Your assignment — In the material below, find the line with "r) = avg_step" and the line with "by (rule sum.cong) auto", then output those two lines and every line between them, exactly.

────────────────────

(* Let $\boldsymbol{z}^{(0)}=(z^{(0)}_1,\dots,z^{(0)}_n)\in[-1,1]^n$ with $\sum_{j=1}^nz^{(0)}_j=0$. Define $\boldsymbol{z}^{(1)},\boldsymbol{z}^{(2)},\dots$ recursively: for each $r\ge0$, let $i$ be the first index at which $\boldsymbol{z}^{(r)}$ attains its minimum and $\ell$ the first index at which it attains its maximum; $\boldsymbol{z}^{(r+1)}$ agrees with $\boldsymbol{z}^{(r)}$ except that $z^{(r+1)}_i=z^{(r+1)}_\ell=(z^{(r)}_i+z^{(r)}_\ell)/2$. Then $\boldsymbol{z}^{(n)}\in[-\tfrac12,\tfrac12]^n$. *)

theory Defs
  imports Complex_Main
begin

text \<open>Vectors in R^n are represented as functions nat => real, with coordinates
  indexed by 0..n-1 (coordinate j+1 of the paper is index j here).\<close>

definition first_argmin :: "nat \<Rightarrow> (nat \<Rightarrow> real) \<Rightarrow> nat" where
  "first_argmin n z = (LEAST i. i < n \<and> (\<forall>j<n. z i \<le> z j))"

definition first_argmax :: "nat \<Rightarrow> (nat \<Rightarrow> real) \<Rightarrow> nat" where
  "first_argmax n z = (LEAST l. l < n \<and> (\<forall>j<n. z j \<le> z l))"

definition avg_step :: "nat \<Rightarrow> (nat \<Rightarrow> real) \<Rightarrow> (nat \<Rightarrow> real)" where
  "avg_step n z =
     (let i = first_argmin n z; l = first_argmax n z; m = (z i + z l) / 2
      in z(i := m, l := m))"

fun avg_iter :: "nat \<Rightarrow> (nat \<Rightarrow> real) \<Rightarrow> nat \<Rightarrow> (nat \<Rightarrow> real)" where
  "avg_iter n z 0 = z"
| "avg_iter n z (Suc r) = avg_step n (avg_iter n z r)"

end

theory Submission
  imports Defs
begin

text \<open>A vector with zero sum has a nonpositive minimum and a nonnegative maximum, so if its
  entries lie in \<open>[-1, 1]\<close>, the average of its minimum and maximum lies in \<open>[-1/2, 1/2]\<close>.
  If any entry has absolute value above \<open>1/2\<close>, then so has the minimum or the maximum;
  hence each step strictly decreases the number of such entries, while the sum and the
  bound \<open>1\<close> are preserved. There are at most \<open>n\<close> such entries to begin with.\<close>

lemma sum_fun_upd:
  fixes f :: "'a \<Rightarrow> 'b::ab_group_add"
  assumes "finite A" "a \<in> A"
  shows "sum (f(a := b)) A = sum f A - f a + b"
proof -
  have "sum (f(a := b)) A = b + sum (f(a := b)) (A - {a})"
    using assms by (simp add: sum.remove)
  also have "sum (f(a := b)) (A - {a}) = sum f (A - {a})"
    by (rule sum.cong) auto
  also have "sum f (A - {a}) = sum f A - f a"
    using assms by (simp add: sum_diff1)
  finally show ?thesis by (simp add: algebra_simps)
qed

lemma first_argmin_minimal:
  assumes "0 < n"
  shows "first_argmin n z < n \<and> (\<forall>j<n. z (first_argmin n z) \<le> z j)"
proof -
  obtain i where "is_arg_min z (\<lambda>j. j < n) i"
    using ex_is_arg_min_if_finite[of "{..<n}" z] assms by auto
  then show ?thesis
    unfolding first_argmin_def is_arg_min_linorder by (rule LeastI)
qed

lemma first_argmax_maximal:
  assumes "0 < n"
  shows "first_argmax n z < n \<and> (\<forall>j<n. z j \<le> z (first_argmax n z))"
proof -
  obtain l where "is_arg_min (\<lambda>j. - z j) (\<lambda>j. j < n) l"
    using ex_is_arg_min_if_finite[of "{..<n}" "\<lambda>j. - z j"] assms by auto
  then show ?thesis
    unfolding first_argmax_def is_arg_min_linorder neg_le_iff_le by (rule LeastI)
qed

lemma avg_step_averages_extremes:
  assumes "0 < n"
  obtains i l where "i < n" "l < n" "\<And>j. j < n \<Longrightarrow> z i \<le> z j \<and> z j \<le> z l"
    and "avg_step n z = z(i := (z i + z l) / 2, l := (z i + z l) / 2)"
  using first_argmin_minimal[OF assms, of z] first_argmax_maximal[OF assms, of z]
  by (intro that[of "first_argmin n z" "first_argmax n z"]) (auto simp: avg_step_def Let_def)

lemma sum_avg_step: "(\<Sum>j<n. avg_step n z j) = (\<Sum>j<n. z j)"
proof (cases "n = 0")
  case False
  then have "0 < n"
    by simp
  then obtain i l where i: "i < n" and l: "l < n"
    and step: "avg_step n z = z(i := (z i + z l) / 2, l := (z i + z l) / 2)"
    by (rule avg_step_averages_extremes[of n z]) auto
  define m where "m = (z i + z l) / 2"
  have "sum (avg_step n z) {..<n} = sum (z(i := m)) {..<n} - (z(i := m)) l + m"
    using l by (simp add: step m_def sum_fun_upd del: fun_upd_apply)
  also have "\<dots> = sum z {..<n} - z i + m - (z(i := m)) l + m"
    using i by (simp add: sum_fun_upd del: fun_upd_apply)
  also have "\<dots> = sum z {..<n}"
    by (cases "i = l") (simp_all add: m_def)
  finally show ?thesis .
qed simp

lemma abs_avg_step_le:
  assumes "\<forall>j<n. \<bar>z j\<bar> \<le> c" "j < n"
  shows "\<bar>avg_step n z j\<bar> \<le> c"
proof -
  from assms(2) have "0 < n"
    by simp
  then obtain i l where i: "i < n" and l: "l < n"
    and step: "avg_step n z = z(i := (z i + z l) / 2, l := (z i + z l) / 2)"
    by (rule avg_step_averages_extremes[of n z]) auto
  have "\<bar>z i\<bar> \<le> c" "\<bar>z l\<bar> \<le> c"
    using assms(1) i l by auto
  then have "\<bar>(z i + z l) / 2\<bar> \<le> c"
    by (simp add: abs_le_iff)
  then show ?thesis
    using assms by (simp add: step)
qed

definition large_coords :: "nat \<Rightarrow> (nat \<Rightarrow> real) \<Rightarrow> nat set" where
  "large_coords n z = {j. j < n \<and> 1/2 < \<bar>z j\<bar>}"

lemma card_large_coords_le: "card (large_coords n z) \<le> n"
  using card_mono[of "{..<n}" "large_coords n z"] by (auto simp: large_coords_def)

lemma large_coords_avg_step_empty:
  assumes "large_coords n z = {}"
  shows "large_coords n (avg_step n z) = {}"
proof -
  from assms have "\<forall>j<n. \<bar>z j\<bar> \<le> 1/2"
    unfolding large_coords_def by (metis (mono_tags, lifting) empty_Collect_eq not_less)
  then have "\<forall>j<n. \<bar>avg_step n z j\<bar> \<le> 1/2"
    using abs_avg_step_le by blast
  then show ?thesis
    by (auto simp: large_coords_def not_less)
qed

lemma card_large_coords_avg_step:
  assumes sum: "(\<Sum>j<n. z j) = 0" and bound: "\<forall>j<n. \<bar>z j\<bar> \<le> 1"
  shows "card (large_coords n (avg_step n z)) \<le> card (large_coords n z) - 1"
proof (cases "large_coords n z = {}")
  case True
  then show ?thesis
    by (simp add: large_coords_avg_step_empty)
next
  case False
  then have "0 < n"
    by (auto simp: large_coords_def)
  then obtain i l where i: "i < n" and l: "l < n"
    and extremes: "\<And>j. j < n \<Longrightarrow> z i \<le> z j \<and> z j \<le> z l"
    and step: "avg_step n z = z(i := (z i + z l) / 2, l := (z i + z l) / 2)"
    by (rule avg_step_averages_extremes[of n z]) auto
  have "real n * z i \<le> 0" "0 \<le> real n * z l"
    using sum_bounded_below[of "{..<n}" "z i" z] sum_bounded_above[of "{..<n}" z "z l"]
      extremes sum by auto
  then have "z i \<le> 0" "0 \<le> z l"
    using \<open>0 < n\<close> by (simp_all add: mult_le_0_iff zero_le_mult_iff)
  then have "\<bar>(z i + z l) / 2\<bar> \<le> 1/2"
    using bound i l by (auto simp: abs_le_iff)
  then have shrink: "large_coords n (avg_step n z) \<subseteq> large_coords n z - {i, l}"
    by (auto simp: step large_coords_def)
  obtain j where "j < n" "1/2 < \<bar>z j\<bar>"
    using False by (auto simp: large_coords_def)
  then have "i \<in> large_coords n z \<or> l \<in> large_coords n z"
    using extremes[of j] i l by (auto simp: large_coords_def)
  then obtain k where "k \<in> large_coords n z" "k \<in> {i, l}"
    by blast
  then have "card (large_coords n (avg_step n z)) \<le> card (large_coords n z - {k})"
    using shrink by (intro card_mono) (auto simp: large_coords_def)
  also have "\<dots> = card (large_coords n z) - 1"
    using \<open>k \<in> large_coords n z\<close> by (simp add: large_coords_def)
  finally show ?thesis .
qed

lemma sum_avg_iter: "(\<Sum>j<n. avg_iter n z r j) = (\<Sum>j<n. z j)"
  by (induction r) (simp_all add: sum_avg_step)

lemma abs_avg_iter_le:
  assumes "\<forall>j<n. \<bar>z j\<bar> \<le> c"
  shows "\<forall>j<n. \<bar>avg_iter n z r j\<bar> \<le> c"
  using assms by (induction r) (simp_all add: abs_avg_step_le)

lemma card_large_coords_avg_iter:
  assumes "(\<Sum>j<n. z j) = 0" "\<forall>j<n. \<bar>z j\<bar> \<le> 1"
  shows "card (large_coords n (avg_iter n z r)) \<le> n - r"
proof (induction r)
  case (Suc r)
  have "card (large_coords n (avg_iter n z (Suc r))) \<le> card (large_coords n (avg_iter n z r)) - 1"
    using card_large_coords_avg_step sum_avg_iter abs_avg_iter_le assms by simp
  with Suc.IH show ?case by simp
qed (simp add: card_large_coords_le)

theorem lemma2p6:
  fixes n :: nat and z0 :: "nat \<Rightarrow> real"
  assumes "\<forall>j<n. z0 j \<in> {-1..1}"
    and "(\<Sum>j<n. z0 j) = 0"
  shows "\<forall>j<n. avg_iter n z0 n j \<in> {-1/2..1/2}"
proof -
  have bound: "\<forall>j<n. \<bar>z0 j\<bar> \<le> 1"
    using assms(1) by (auto simp: abs_le_iff)
  have "card (large_coords n (avg_iter n z0 n)) = 0"
    using card_large_coords_avg_iter[OF assms(2) bound, of n] by simp
  then have "large_coords n (avg_iter n z0 n) = {}"
    by (simp add: large_coords_def)
  then show ?thesis
    by (auto simp: large_coords_def abs_le_iff)
qed

end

────────────────────

Solution to the exercise —
| "avg_iter n z (Suc r) = avg_step n (avg_iter n z r)"

end

theory Submission
  imports Defs
begin

text \<open>A vector with zero sum has a nonpositive minimum and a nonnegative maximum, so if its
  entries lie in \<open>[-1, 1]\<close>, the average of its minimum and maximum lies in \<open>[-1/2, 1/2]\<close>.
  If any entry has absolute value above \<open>1/2\<close>, then so has the minimum or the maximum;
  hence each step strictly decreases the number of such entries, while the sum and the
  bound \<open>1\<close> are preserved. There are at most \<open>n\<close> such entries to begin with.\<close>

lemma sum_fun_upd:
  fixes f :: "'a \<Rightarrow> 'b::ab_group_add"
  assumes "finite A" "a \<in> A"
  shows "sum (f(a := b)) A = sum f A - f a + b"
proof -
  have "sum (f(a := b)) A = b + sum (f(a := b)) (A - {a})"
    using assms by (simp add: sum.remove)
  also have "sum (f(a := b)) (A - {a}) = sum f (A - {a})"
    by (rule sum.cong) auto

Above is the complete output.